El Real Madrid y el F.C. Barcelona son los equipos líderes de La Liga española. Cuentan con el palmarés más dilatado y, desde el ámbito económico, están a la cabeza de la “liga económica del fútbol” elaborada por Deloitte. Con un valor de 2.400 millones de euros y 1.870 millones de euros respectivamente, son el primer y el tercer equipo de fútbol más prósperos y aún en época de crisis, generan unos ingresos estratosféricos: 519 millones de euros el club blanco, y 483 millones de euros el azulgrana en la pasada temporada.
Las empresas patrocinadoras que figuran en sus camisetas son, curiosamente, dos aerolíneas nacionales de países del Golfo: Qatar Airways, que desembolsó para ello 30.5 millones de euros, y Emirates, pagando 24 millones de euros –convirtiéndose así en el segundo y quinto patrocinio de camisetas más caros hasta la fecha–. En Europa, siete de los veinte clubes de la “liga económica” están patrocinados por una aerolínea del Golfo. El Paris Saint-Germain y el Manchester City, quinto y sexto equipos de la mentada liga, cuentan con un propietario procedente del Golfo. Este interés por parte de pequeños estados de la Península Arábiga no se limita al fútbol, sino que se extiende a otros grandes deportes europeos como el ciclismo (Tour de France), la Fórmula 1, el tenis o el golf, el rugby y el atletismo.

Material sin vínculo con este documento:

lemma sum_free_coset_bound:
  fixes A H :: "'a::ab_group_add set"
  assumes A: "sum_free A" and H: "add_subgroup H" "card H = 5 ^ N"
    and u: "A \<inter> coset u H \<noteq> {}" "2 * card (A \<inter> coset u H) < card H"
    and v: "2 * card H < 5 * card (A \<inter> coset v H)"
  shows "5 * card (A \<inter> coset (u + v) H) + 5 * card (A \<inter> coset u H) \<le> 3 * card H"
proof -
  define X Y Z
    where "X = A \<inter> coset u H" and "Y = A \<inter> coset v H" and "Z = A \<inter> coset (u + v) H"
  have fin: "finite (coset (u + v) H)"
    by (rule card_ge_0_finite) (simp add: card_coset H(2))
  have "(X + Y) \<inter> A = {}"
    using A unfolding X_def Y_def sum_free_def by (auto elim!: set_plus_elim)
  then have disj: "Z \<inter> (X + Y) = {}"
    unfolding Z_def by blast
  have "X + Y \<subseteq> coset (u + v) H"
    unfolding X_def Y_def using H(1)
    by (auto elim!: set_plus_elim simp: mem_coset_iff)
      (metis add_diff_add add_subgroup_add)
  from coset_sumset_growth[OF H, of X u Y v] u v
  consider "X + Y = coset (u + v) H" | "5 * card X + 2 * card H \<le> 5 * card (X + Y)"
    unfolding X_def Y_def by blast
  then show ?thesis
  proof cases
    case 1
    then have "Z = {}" using disj unfolding Z_def by blast
    then show ?thesis using u unfolding X_def Z_def by simp
  next
    case 2
    have "card Z + card (X + Y) = card (Z \<union> (X + Y))"
      using disj fin \<open>X + Y \<subseteq> _\<close> unfolding Z_def
      by (intro card_Un_disjoint[symmetric]) (auto intro: finite_subset)
    also have "\<dots> \<le> card H"
      using \<open>X + Y \<subseteq> _\<close> fin card_coset[of "u + v" H] unfolding Z_def
      by (metis Int_lower2 card_mono le_sup_iff)
    finally show ?thesis
      using 2 unfolding X_def Z_def by linarith
  qed
qed

section \<open>Maximal subgroups of \<open>\<int>\<^sub>5\<^sup>n\<close>\<close>

lemma five_cases:
  fixes x :: 5
  obtains "x = 0" | "x = 1" | "x = 2" | "x = 3" | "x = 4"
proof (cases x rule: bit1_cases)
  case (of_int z)
  then have "z = 0 \<or> z = 1 \<or> z = 2 \<or> z = 3 \<or> z = 4" by auto
  then show ?thesis using of_int that by auto
qed

lemma sum_UNIV_5_opposites:
  fixes i j :: 5
  assumes "i \<noteq> 0" "i + j = 0"
  shows "sum a UNIV = a 0 + a i + a j + a (i + i) + a (j + j)"
proof -
  have "distinct [0, i, j, i + i, j + j]"
    using assms by (cases i rule: five_cases; cases j rule: five_cases; simp)
  moreover have "x \<in> set [0, i, j, i + i, j + j]" for x
    using assms
    by (cases x rule: five_cases; cases i rule: five_cases; cases j rule: five_cases; simp)
  then have "UNIV = set [0, i, j, i + i, j + j]" by blast
  ultimately have "sum a UNIV = sum_list (map a [0, i, j, i + i, j + j])"
    by (metis sum_list_distinct_conv_sum_set)
  then show ?thesis by (simp add: add.assoc)
qed

text \<open>The bound at \<open>(i, j)\<close>, \<open>(j, i)\<close>, \<open>(i, i)\<close>, \<open>(j, j)\<close> forces \<open>j = -i\<close>; the same
  bounds then make the classes \<open>0, \<plusminus>i, \<plusminus>2i\<close> too light to carry the total.\<close>

lemma at_most_one_heavy_class:
  fixes a :: "5 \<Rightarrow> nat" and h :: nat
  assumes bound: "\<And>c d. a c \<noteq> 0 \<Longrightarrow> 2 * h < 5 * a d \<Longrightarrow> 5 * a (c + d) + 5 * a c \<le> 3 * h"
    and total: "3 * h < 2 * sum a UNIV"
    and heavy: "2 * h < 5 * a i" "2 * h < 5 * a j"
  shows "i = j"
proof (rule ccontr)
  assume "i \<noteq> j"
  have nz: "a i \<noteq> 0" "a j \<noteq> 0" using heavy by auto
  note ij = bound[OF nz(1) heavy(2)] and ii = bound[OF nz(1) heavy(1)]
    and ji = bound[OF nz(2) heavy(1)] and jj = bound[OF nz(2) heavy(2)]
  have "i \<noteq> 0" "j \<noteq> 0" "j \<noteq> i + i" "i \<noteq> j + j"
    using ij ji ii jj heavy by (auto simp: add.commute)
  with \<open>i \<noteq> j\<close> have "i + j = 0"
    by (cases i rule: five_cases; cases j rule: five_cases) simp_all
  then have "5 * a 0 + 5 * a i \<le> 3 * h"
    using ij by simp
  moreover have "sum a UNIV = a 0 + a i + a j + a (i + i) + a (j + j)"
    using sum_UNIV_5_opposites[OF \<open>i \<noteq> 0\<close> \<open>i + j = 0\<close>] .
  ultimately show False
    using ii jj total heavy by linarith
qed

lemma add_subgroup_smult:
  fixes H :: "(5 ^ 'n) set"
  assumes "add_subgroup H" "x \<in> H"
  shows "c *s x \<in> H"
proof -
  have "of_nat k *s x \<in> H" for k
    by (induction k) (simp_all add: vector_sadd_rdistrib add_subgroup_zero add_subgroup_add assms)
  moreover have "\<exists>k. c = of_nat k"
    by (cases c rule: five_cases) (metis of_nat_0 of_nat_1 of_nat_numeral)+
  ultimately show ?thesis by blast
qed

lemma smult_mem_add_subgroup_iff:
  fixes H :: "(5 ^ 'n) set"
  assumes "add_subgroup H" "c \<noteq> 0"
  shows "c *s x \<in> H \<longleftrightarrow> x \<in> H"
proof
  have "c ^ 3 * c = 1"
    using assms(2) by (cases c rule: five_cases) simp_all
  then have "x = c ^ 3 *s (c *s x)"
    by (simp add: vector_smult_assoc)
  then show "c *s x \<in> H \<Longrightarrow> x \<in> H"
    using add_subgroup_smult[OF assms(1)] by metis
qed (rule add_subgroup_smult[OF assms(1)])

lemma maximal_subgroup_covered:
  fixes H :: "(5 ^ 'n) set"
  assumes H: "maximal_proper_subgroup H" and p: "p \<notin> H"
  shows "\<exists>c. x \<in> coset (c *s p) H"
proof -
  have sub: "add_subgroup H" using H by (simp add: maximal_proper_subgroup_def)
  define K where "K = {x. \<exists>c. x - c *s p \<in> H}"
  have "add_subgroup K"
    unfolding add_subgroup_def
  proof (intro conjI ballI)
    have "0 - 0 *s p \<in> H" using add_subgroup_zero[OF sub] by simp
    then show "0 \<in> K" unfolding K_def by blast
  next
    fix x y assume "x \<in> K" "y \<in> K"
    then obtain c d where "x - c *s p \<in> H" "y - d *s p \<in> H" by (auto simp: K_def)
    then have "(x - c *s p) + (y - d *s p) \<in> H" by (rule add_subgroup_add[OF sub])
    also have "(x - c *s p) + (y - d *s p) = (x + y) - (c + d) *s p"
      by (simp add: vector_sadd_rdistrib)
    finally show "x + y \<in> K" unfolding K_def by blast
  next
    fix x assume "x \<in> K"
    then obtain c where "x - c *s p \<in> H" by (auto simp: K_def)
    then have "- (x - c *s p) \<in> H" by (rule add_subgroup_uminus[OF sub])
    also have "- (x - c *s p) = - x - (- c) *s p"
      by (simp add: vector_smult_lneg)
    finally show "- x \<in> K" unfolding K_def by blast
  qed
  moreover have "H \<subseteq> K"
  proof
    fix x assume "x \<in> H"
    then have "x - 0 *s p \<in> H" by simp
    then show "x \<in> K" unfolding K_def by blast
  qed
  moreover have "p \<in> K"
  proof -
    have "p - 1 *s p \<in> H" using add_subgroup_zero[OF sub] by simp
    then show ?thesis unfolding K_def by blast
  qed
  ultimately have "K = UNIV"
    using H p unfolding maximal_proper_subgroup_def by blast
  then have "x \<in> K" by simp
  then show ?thesis unfolding K_def mem_coset_iff by blast
qed

lemma coset_eq_coset_smult:
  fixes H :: "(5 ^ 'n) set"
  assumes "maximal_proper_subgroup H" "p \<notin> H"
  obtains c where "coset g H = coset (c *s p) H"
  using maximal_subgroup_covered[OF assms, of g] assms(1)
  by (auto simp: coset_eq_iff mem_coset_iff maximal_proper_subgroup_def)

lemma coset_smult_eq_iff:
  fixes H :: "(5 ^ 'n) set"
  assumes "add_subgroup H" "p \<notin> H"
  shows "coset (c *s p) H = coset (d *s p) H \<longleftrightarrow> c = d"
  using smult_mem_add_subgroup_iff[OF assms(1), of "c - d" p] assms
  by (auto simp: coset_eq_iff vector_sub_rdistrib add_subgroup_zero)

lemma card_eq_sum_cosets:
  fixes A H :: "(5 ^ 'n) set"
  assumes H: "maximal_proper_subgroup H" and p: "p \<notin> H"
  shows "card A = (\<Sum>c\<in>UNIV. card (A \<inter> coset (c *s p) H))"
proof -
  have sub: "add_subgroup H" using H by (simp add: maximal_proper_subgroup_def)
  have "A = (\<Union>c. A \<inter> coset (c *s p) H)"
    using maximal_subgroup_covered[OF H p] by blast
  also have "card \<dots> = (\<Sum>c\<in>UNIV. card (A \<inter> coset (c *s p) H))"
  proof (rule card_UN_disjoint)
    show "\<forall>c\<in>UNIV. \<forall>d\<in>UNIV. c \<noteq> d \<longrightarrow>
        (A \<inter> coset (c *s p) H) \<inter> (A \<inter> coset (d *s p) H) = {}"
      using cosets_disjoint[OF sub] coset_smult_eq_iff[OF sub p] by blast
  qed simp_all
  finally show ?thesis .
qed

lemma card_maximal_proper_subgroup:
  fixes H :: "(5 ^ 'n) set"
  assumes H: "maximal_proper_subgroup H"
  shows "card H = 5 ^ (CARD('n) - 1)"
proof -
  obtain p where p: "p \<notin> H" using H by (auto simp: maximal_proper_subgroup_def)
  have "5 * 5 ^ (CARD('n) - 1) = (5 :: nat) ^ CARD('n)"
    by (simp flip: power_Suc)
  also have "\<dots> = card (UNIV :: (5 ^ 'n) set)"
    by simp
  also have "\<dots> = (\<Sum>c\<in>UNIV. card (coset (c *s p) H))"
    using card_eq_sum_cosets[OF H p, of UNIV] by simp
  also have "\<dots> = 5 * card H"
    by (simp add: card_coset)
  finally show ?thesis by simp
qed

lemma at_most_one_heavy_coset:
  fixes A H :: "(5 ^ 'n) set"
  assumes A: "sum_free A" "3 * card H < 2 * card A"
    and H: "maximal_proper_subgroup H"
    and light: "\<And>g. 2 * card (A \<inter> coset g H) < card H"
    and heavy: "2 * card H < 5 * card (A \<inter> coset g1 H)"
      "2 * card H < 5 * card (A \<inter> coset g2 H)"
  shows "coset g1 H = coset g2 H"
proof -
  have sub: "add_subgroup H" and card_H: "card H = 5 ^ (CARD('n) - 1)"
    using H card_maximal_proper_subgroup by (auto simp: maximal_proper_subgroup_def)
  obtain p where p: "p \<notin> H" using H by (auto simp: maximal_proper_subgroup_def)
  obtain i j where i: "coset g1 H = coset (i *s p) H" and j: "coset g2 H = coset (j *s p) H"
    by (metis coset_eq_coset_smult[OF H p])
  define a where "a c = card (A \<inter> coset (c *s p) H)" for c
  have "i = j"
  proof (rule at_most_one_heavy_class[where a = a and h = "card H"])
    show "5 * a (c + d) + 5 * a c \<le> 3 * card H" if "a c \<noteq> 0" "2 * card H < 5 * a d" for c d
      using sum_free_coset_bound[OF A(1) sub card_H, of "c *s p" "d *s p"] light that
      by (simp add: a_def vector_sadd_rdistrib)
    show "3 * card H < 2 * sum a UNIV"
      using A(2) card_eq_sum_cosets[OF H p, of A] unfolding a_def by simp
    show "2 * card H < 5 * a i" "2 * card H < 5 * a j"
      using heavy i j unfolding a_def by simp_all
  qed
  then show ?thesis using i j by simp
qed

theorem proposition3:
  fixes A H :: "(5 ^ 'n) set"
  assumes "sum_free A"
    and "real (card A) > 3/2 * 5 ^ (CARD('n) - 1)"
    and "maximal_proper_subgroup H"
    and "\<forall>g. real (card (A \<inter> coset g H)) < 1/2 * real (card H)"
  shows "\<forall>g1 g2. real (card (A \<inter> coset g1 H)) > 2/5 * real (card H) \<and>
                 real (card (A \<inter> coset g2 H)) > 2/5 * real (card H) \<longrightarrow>
                 coset g1 H = coset g2 H"
proof (intro allI impI, elim conjE)
  fix g1 g2
  assume "real (card (A \<inter> coset g1 H)) > 2/5 * real (card H)"
    and "real (card (A \<inter> coset g2 H)) > 2/5 * real (card H)"
  then have heavy: "2 * card H < 5 * card (A \<inter> coset g1 H)"
    "2 * card H < 5 * card (A \<inter> coset g2 H)"
    by simp_all
  have "real (3 * card H) < real (2 * card A)"
    using assms(2) card_maximal_proper_subgroup[OF assms(3)] by simp
  then have large: "3 * card H < 2 * card A"
    by (simp only: of_nat_less_iff)
  have "real (2 * card (A \<inter> coset g H)) < real (card H)" for g
    using assms(4)[rule_format, of g] by simp
  then have light: "2 * card (A \<inter> coset g H) < card H" for g
    by (simp only: of_nat_less_iff)
  show "coset g1 H = coset g2 H"
    by (rule at_most_one_heavy_coset[OF assms(1) large assms(3) light heavy])
qed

Debido al aún complicado clima económico en Europa, individuos y sociedades procedentes de Oriente Medio han encontrado su oportunidad para invertir en fútbol europeo, estimándose su inversión en 1.100 millones de euros. Pero esta voluntad de adherirse a negocios lucrativos y albergar grandes eventos deportivos no sólo persigue la obtención de beneficios (indudablemente significativa: el negocio del fútbol genera 9.340 millones de euros a pesar de la crisis), sino que además repercute en la promoción de otros sectores nacionales y diversificación económica, para evitar la –prácticamente total– dependencia de las exportaciones de gas y petróleo.
Sin embargo esta diplomacia responde, por encima de todo, a la voluntad de los pequeños estados ricos del Golfo de obtener influencia política y protagonismo internacional. Persiguen además la mejora de la imagen de sus mandatarios a ojos occidentales, promoviendo una apariencia de moderación, tolerancia cultural, solidaridad y valores humanos en consonancia con los valores deportivos. Esta diplomacia deportiva está siendo llevada a cabo por Emiratos Árabes Unidos, Bahrein y, en menor medida, Arabia Saudí y Omán. Pero el ejemplo más claro de ello es Qatar, quien fuera designado en 2010 por la FIFA como país anfitrión de la Copa Mundial de Fútbol en 2022. Qatar, país que lleva cultivando con esmero su diplomacia desde hace dos décadas, ejemplifica a la perfección hasta dónde es capaz de llegar un pequeño país en relevancia y peso internacional.
Con todo, la inversión en el fútbol de élite y la atención mediática que ello genera no eximen a estos países de riesgos para su reputación, ya que les somete al escrutinio internacional en cuestiones como corrupción, derechos humanos, género y medio ambiente. Especialmente mal parado está saliendo Qatar, al ser acusado de compra de votos necesarios para su designación, poniéndose en cuestión su forma de influir en negocios y política. La Confederación Sindical Internacional ha denunciado la precariedad laboral de los inmigrantes contratados para la construcción de las instalaciones que destapara The Guardian. Grupos defensores de derechos humanos han reprobado las condiciones de vida de los inmigrantes, equiparándola a una suerte de “esclavitud moderna”, así como los escasos derechos civiles de las mujeres en sociedades de confesión wahabita, mientras que magnates de fútbol europeos cuestionan la idoneidad de la celebración de la Copa del Mundo en un país con extremas temperaturas en verano y falta de afición suficiente para llenar sus estadios nacionales.
En suma, el interés por el fútbol europeo y el deporte de élite es una de las estrategias diplomáticas empleadas por parte de los pequeños estados del Golfo para posicionarse como actores globales, y está resultando eficaz para incrementar su visibilidad e influencia como inversores y actores de negocios. Sin embargo, está siendo también un arma de doble filo ya que, al situar a estos países en el punto de mira mediático, se ven golpeados por el escrutinio internacional de medios de comunicación internacionales, ONG y asociaciones de derechos civiles, quienes denuncian los excesos y carencias de sus sistemas autoritarios y, en última instancia, hacen patente para la sociedad internacional y los propios mandatarios arábigos la dificultad que supone ganar confianza y respeto, sobre todo si es comprándola.